WORK REQUIRED:
All lines from the one containing "p_notin by auto" to the end of the entries below must be output exactly, and no other lines.

[Saved data entries]
lemma Legendre_nonresidue_exists:
  assumes "prime p" "p > 2"
  obtains g where "coprime g (int p)" "Legendre g (int p) = -1"
proof -
  obtain r where r: "residue_primroot p r"
    using prime_primitive_root_exists prime_gt_1_nat assms(1) by blast
  have cop: "coprime (int r) (int p)"
    using r by (simp add: residue_primroot_def coprime_commute)
  have "Legendre (int r) (int p) \<noteq> 1"
  proof
    assume "Legendre (int r) (int p) = 1"
    then have "[int r ^ ((p - 1) div 2) = int 1] (mod int p)"
      using euler_criterion[OF assms, of "int r"] by (simp add: cong_sym_eq)
    then have "[r ^ ((p - 1) div 2) = 1] (mod p)"
      by (simp only: cong_int_iff flip: of_nat_power)
    then have "ord p r dvd (p - 1) div 2" by (simp only: ord_divides)
    moreover have "ord p r = p - 1"
      using r assms(1) by (simp add: residue_primroot_def totient_prime)
    moreover have "0 < (p - 1) div 2" "(p - 1) div 2 < p - 1" using assms(2) by auto
    ultimately show False by (auto dest: dvd_imp_le)
  qed
  with Legendre_coprime_pm1[OF assms(1) cop] have "Legendre (int r) (int p) = -1" by simp
  with cop show ?thesis by (rule that)
qed

lemma jacobi_sym_cong:
  assumes "[a = b] (mod int n)" shows "jacobi_sym a n = jacobi_sym b n"
  unfolding jacobi_sym_def
proof (rule prod.cong[OF refl])
  fix p assume "p \<in> prime_factors n"
  then have "int p dvd int n" by (simp add: in_prime_factors_iff)
  then have "[a = b] (mod int p)"
    using assms by (rule cong_dvd_modulus[rotated])
  then show "Legendre a (int p) ^ multiplicity p n = Legendre b (int p) ^ multiplicity p n"
    by (simp add: Legendre_cong)
qed

lemma jacobi_sym_one: "jacobi_sym 1 n = 1"
  unfolding jacobi_sym_def by (rule prod.neutral) (simp add: Legendre_one in_prime_factors_iff)

lemma jacobi_sym_coprime_pm1:
  assumes "coprime a (int n)" shows "jacobi_sym a n \<in> {1, -1}"
proof -
  have "\<bar>Legendre a (int p) ^ multiplicity p n\<bar> = 1" if "p \<in> prime_factors n" for p
  proof -
    have "int p dvd int n" using that by (simp add: in_prime_factors_iff)
    then have "coprime a (int p)"
      using assms by (metis coprime_divisors dvd_refl)
    then show ?thesis
      using Legendre_coprime_pm1[of p a] that by (auto simp: power_abs in_prime_factors_iff)
  qed
  then have "\<bar>jacobi_sym a n\<bar> = 1" unfolding jacobi_sym_def abs_prod by simp
  then show ?thesis by auto
qed

lemma jacobi_sym_prime_mult:
  assumes "prime p" "\<not> p dvd m" "m > 0"
  shows "jacobi_sym a (p * m) = Legendre a (int p) * jacobi_sym a m"
proof -
  have factors: "prime_factors (p * m) = insert p (prime_factors m)"
    using assms by (simp add: prime_factors_product prime_prime_factors)
  have p_notin: "p \<notin> prime_factors m" using assms(2) by auto
  have "multiplicity p (p * m) = Suc (multiplicity p m)"
    by (rule multiplicity_times_same) (use assms in auto)
  then have mult_p: "multiplicity p (p * m) = 1"
    using not_dvd_imp_multiplicity_0[OF assms(2)] by simp
  have mult_q: "multiplicity q (p * m) = multiplicity q m" if "q \<in> prime_factors m" for q
  proof -
    have "prime q" "q \<noteq> p" using that p_notin by auto
    then show ?thesis using assms
      by (simp add: prime_elem_multiplicity_mult_distrib prime_multiplicity_other)
  qed
  show ?thesis unfolding jacobi_sym_def factors
    using p_notin mult_p mult_q by (simp cong: prod.cong)
qed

RESPONSE BELOW:
    have "prime q" "q \<noteq> p" using that p_notin by auto
    then show ?thesis using assms
      by (simp add: prime_elem_multiplicity_mult_distrib prime_multiplicity_other)
  qed
  show ?thesis unfolding jacobi_sym_def factors
    using p_notin mult_p mult_q by (simp cong: prod.cong)
qed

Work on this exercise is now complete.